GHAZNI, Afghanistan - Afghanistan's extremist Taliban said Tuesday they would free 19 kidnapped South Korean aid workers within days, raising hopes for an end to the near six-week hostage crisis.
The militia agreed a deal with South Korean diplomats after Seoul pledged to remove its small military force from Afghanistan by the end of the year as planned and prevent Christian missionary groups from visiting the country.
"We're going to do our utmost to free them as soon as possible," said Taliban negotiator Qari Mohammad Bashir, adding that the hostages would likely be released in the three to four days.
Bashir said it would take time to gather the hostages as they were being held in different locations. The Taliban has previously said the captives were split up into small groups and held in three provinces.
The agreement was reached in talks between Taliban leaders and South Korean officials in Ghazni, 140 kilometres (90 miles) south of Kabul. Indonesian diplomats and tribal negotiators also played a role.
The news was greeted with scenes of joy in South Korea where the crisis has gripped the nation ever since a group of 23 aid workers was kidnapped while travelling by bus from the capital Kabul to Kandahar on July 19.
"The good news has arrived and the whole nation is now relieved," South Korean President Roh Moo-Hyun was quoted by his spokesman as saying.
Family members shed tears and embraced one another as they gathered at a church south of Seoul where a vigil has been maintained throughout the 41-day ordeal. They have experienced shifting emotions as the Taliban killed two of the male hostages and then released two women on August 13.
Their spokesman Cha Sung-Min, almost overcome with emotion at a press conference, expressed sorrow the news could not be shared with the two dead male hostages.
"We feel very sorry for causing so much concern to the people. It is very regrettable that we cannot share this good news with the relatives of the late Pastor Bae Hyung-Kyu and brother Shim Sung-Min," he said.
The previous round of talks ended in deadlock just under two weeks ago, with the Taliban sticking to a demand that some of its men be freed from jail.
But the Afghan government has steadfastly refused to release any prisoners.
The government was criticised in March after it released five Taliban militants in exchange for an Italian journalist but declined to release another prisoner to secure the freedom of his Afghan translator who was later beheaded.
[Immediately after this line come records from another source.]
lemma orbit_diameter_small_forward:
  assumes "distortion_bound * ((1/r) ^ n * orbit_diameter 0) < \<eta>"
  shows "\<forall>j\<le>n. orbit_diameter j < \<eta>"
proof (intro allI impI)
  fix j assume "j \<le> n"
  then show "orbit_diameter j < \<eta>"
  proof (induction j rule: less_induct)
    case (less j)
    then have "orbit_diameter j \<le> distortion_bound * ((1/r) ^ j * orbit_diameter 0)"
      using orbit_diameter_distortion[of 0 j] by simp
    also have "\<dots> \<le> distortion_bound * ((1/r) ^ n * orbit_diameter 0)"
      using less.prems ratio_pos ratio_less_1 distortion_bound_ge_1 orbit_diameter_nonneg
      by (intro mult_left_mono mult_right_mono power_increasing) auto
    finally show ?case using assms by linarith
  qed
qed

lemma orbit_diameter_small_backward:
  assumes "m * distortion_bound * orbit_diameter n < \<eta>"
  shows "\<forall>j\<le>n. orbit_diameter j < \<eta>"
proof -
  have m: "real m \<ge> 1" using number_of_maps_pos by simp
  have expansion: "1 \<le> 1/r" using ratio_pos ratio_less_1 by simp
  have "\<forall>j\<in>{k..n}. orbit_diameter j < \<eta>" if "k \<le> n" for k
    using that
  proof (induction k rule: inc_induct)
    case base
    have "1 \<le> real m * distortion_bound"
      using mult_mono[OF m distortion_bound_ge_1] by simp
    then have "orbit_diameter n \<le> m * distortion_bound * orbit_diameter n"
      using mult_right_mono[OF _ orbit_diameter_nonneg, of 1] by simp
    then show ?case using assms by simp
  next
    case (step k)
    have "\<forall>j\<in>{Suc k..<Suc k + (n - Suc k)}. orbit_diameter j < \<eta>" using step.IH by auto
    then have "(1/r) ^ (n - Suc k) * orbit_diameter (Suc k) \<le> distortion_bound * orbit_diameter n"
      using orbit_diameter_distortion[of "Suc k" "n - Suc k"] step.hyps by simp
    moreover have "orbit_diameter (Suc k) \<le> (1/r) ^ (n - Suc k) * orbit_diameter (Suc k)"
      using mult_right_mono[OF one_le_power[OF expansion] orbit_diameter_nonneg] by simp
    ultimately have next_le: "orbit_diameter (Suc k) \<le> distortion_bound * orbit_diameter n"
      by linarith
    have "orbit_diameter k \<le> (1/r) * orbit_diameter k"
      using mult_right_mono[OF expansion orbit_diameter_nonneg] by simp
    also have "\<dots> \<le> (if k \<in> overlap_times then real m else 1) * orbit_diameter (Suc k)"
      using orbit_diameter_step[of k] by blast
    also have "\<dots> \<le> m * orbit_diameter (Suc k)"
      using m by (intro mult_right_mono orbit_diameter_nonneg) auto
    also have "\<dots> \<le> m * (distortion_bound * orbit_diameter n)"
      using next_le by (intro mult_left_mono) auto
    finally have "orbit_diameter k < \<eta>" using assms by (simp add: mult.assoc)
    then show ?case using step.IH by (auto simp: le_less Suc_le_eq)
  qed
  then show ?thesis by auto
qed

lemma orbit_diameter_comparable:
  defines "\<delta> \<equiv> \<eta> / (m * distortion_bound)"
  assumes "orbit_diameter n < \<delta> \<or> (1/r) ^ n * orbit_diameter 0 < \<delta>"
  shows "(1 / distortion_bound) * (1/r) ^ n * orbit_diameter 0 \<le> orbit_diameter n
    \<and> orbit_diameter n \<le> distortion_bound * (1/r) ^ n * orbit_diameter 0"
proof -
  have K: "distortion_bound \<ge> 1" "real m * distortion_bound \<ge> distortion_bound"
    using distortion_bound_ge_1 number_of_maps_pos by simp_all
  have "\<delta> \<ge> 0"
    using assms(2) orbit_diameter_nonneg ratio_pos
    by (smt (verit) mult_nonneg_nonneg zero_le_divide_1_iff zero_le_power)
  have \<delta>: "m * distortion_bound * \<delta> = \<eta>" using K by (simp add: \<delta>_def)
  moreover have "distortion_bound * \<delta> \<le> m * distortion_bound * \<delta>"
    using mult_right_mono[OF K(2) \<open>\<delta> \<ge> 0\<close>] by simp
  ultimately have \<delta>': "distortion_bound * \<delta> \<le> \<eta>" by simp
  have "\<forall>j\<le>n. orbit_diameter j < \<eta>"
  proof (cases "orbit_diameter n < \<delta>")
    case True
    then have "m * distortion_bound * orbit_diameter n < m * distortion_bound * \<delta>"
      using K by (intro mult_strict_left_mono) auto
    then show ?thesis using \<delta> by (intro orbit_diameter_small_backward) simp
  next
    case False
    then have "distortion_bound * ((1/r) ^ n * orbit_diameter 0) < distortion_bound * \<delta>"
      using assms(2) K by (intro mult_strict_left_mono) auto
    then show ?thesis using \<delta>' by (intro orbit_diameter_small_forward) simp
  qed
  then have "orbit_diameter n \<le> distortion_bound * ((1/r) ^ n * orbit_diameter 0)"
    and lower: "(1/r) ^ n * orbit_diameter 0 \<le> distortion_bound * orbit_diameter n"
    using orbit_diameter_distortion[of 0 n] by simp_all
  moreover have "(1 / distortion_bound) * ((1/r) ^ n * orbit_diameter 0) \<le> orbit_diameter n"
    using mult_left_mono[OF lower, of "1 / distortion_bound"] K by simp
  ultimately show ?thesis by (simp add: mult.assoc)
qed

end

theorem lemma3p4:
  fixes m :: nat and f :: "nat \<Rightarrow> complex \<Rightarrow> complex" and r :: real
    and A :: "complex set" and q :: "complex \<Rightarrow> complex"
  assumes "m \<ge> 2"
    and "0 < r" and "r < 1"
    and "\<forall>j<m. similarity_ratio r (f j)"
    and "ifs_attractor m f A"
    and "connected A"
    and "ifs_inverse_map m f A q"
    and "finite (overlap_set m f A)" and "overlap_set m f A \<noteq> {}"
    and "critically_non_recurrent (overlap_set m f A) q"
  shows "\<exists>C\<ge>1. \<exists>\<delta>1>0. \<forall>S n. connected S \<and> S \<subseteq> A \<and>
            (diameter ((q ^^ n) ` S) < \<delta>1 \<or> (1 / r) ^ n * diameter S < \<delta>1) \<longrightarrow>
              (1 / C) * (1 / r) ^ n * diameter S \<le> diameter ((q ^^ n) ` S) \<and>
              diameter ((q ^^ n) ` S) \<le> C * (1 / r) ^ n * diameter S"
proof -
  interpret invertible_ifs m f r A q using assms by unfold_locales auto
  obtain \<eta> where \<eta>: "\<eta> > 0" "\<forall>p\<in>overlap_set m f A. \<forall>n\<ge>1. \<eta> \<le> dist ((q ^^ n) p) p"
    using uniform_orbit_separation assms(8,10) unfolding critically_non_recurrent_def by blast
  have "(1 / distortion_bound) * (1 / r) ^ n * diameter S \<le> diameter ((q ^^ n) ` S)
      \<and> diameter ((q ^^ n) ` S) \<le> distortion_bound * (1 / r) ^ n * diameter S"
    if "connected S \<and> S \<subseteq> A \<and> (diameter ((q ^^ n) ` S) < \<eta> / (m * distortion_bound)
      \<or> (1 / r) ^ n * diameter S < \<eta> / (m * distortion_bound))" for S n
  proof -
    interpret invertible_ifs_orbit m f r A q S \<eta>
      using that \<eta>(2) assms(8) by unfold_locales auto
    show ?thesis
      using orbit_diameter_comparable[of n] that by (simp add: orbit_diameter_def)
  qed
  moreover have "\<eta> / (m * distortion_bound) > 0"
    using \<eta>(1) distortion_bound_ge_1 number_of_maps_pos by simp
  ultimately show ?thesis using distortion_bound_ge_1 by blast
qed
Taliban negotiator Bashir said the militia also wanted all South Korean aid workers to leave Afghanistan by the end of the month, but this demand was not confirmed by other sources.
He said Taliban forces had also agreed not to attack South Korean troops before they leave. Seoul had said it would pull out the troops, mostly engineers and medics, as scheduled by the end of the year.
The South Korean government has already passed a legal amendment making unauthorised travel to Afghanistan punishable by a jail term, and told all Christian and other aid groups to come home from the war-torn nation.
The Taliban, linked to Osama bin Laden's Al-Qaeda movement, are also holding a German engineer who was kidnapped a day before the South Koreans.
The group has said it wanted 10 jailed Taliban to be freed in exchange for the engineer, who is also said to be sick, and his four Afghan colleagues.
The kidnappings are among a series of incidents blamed on the Taliban, who are waging a bloody insurgency against the Kabul government and its coalition allies that has spiralled in intensity over the past year.
A female German aid worker was kidnapped in broad daylight in the capital earlier this month, but she was later freed in a police raid and authorities said her abduction was a criminal act motivated by money.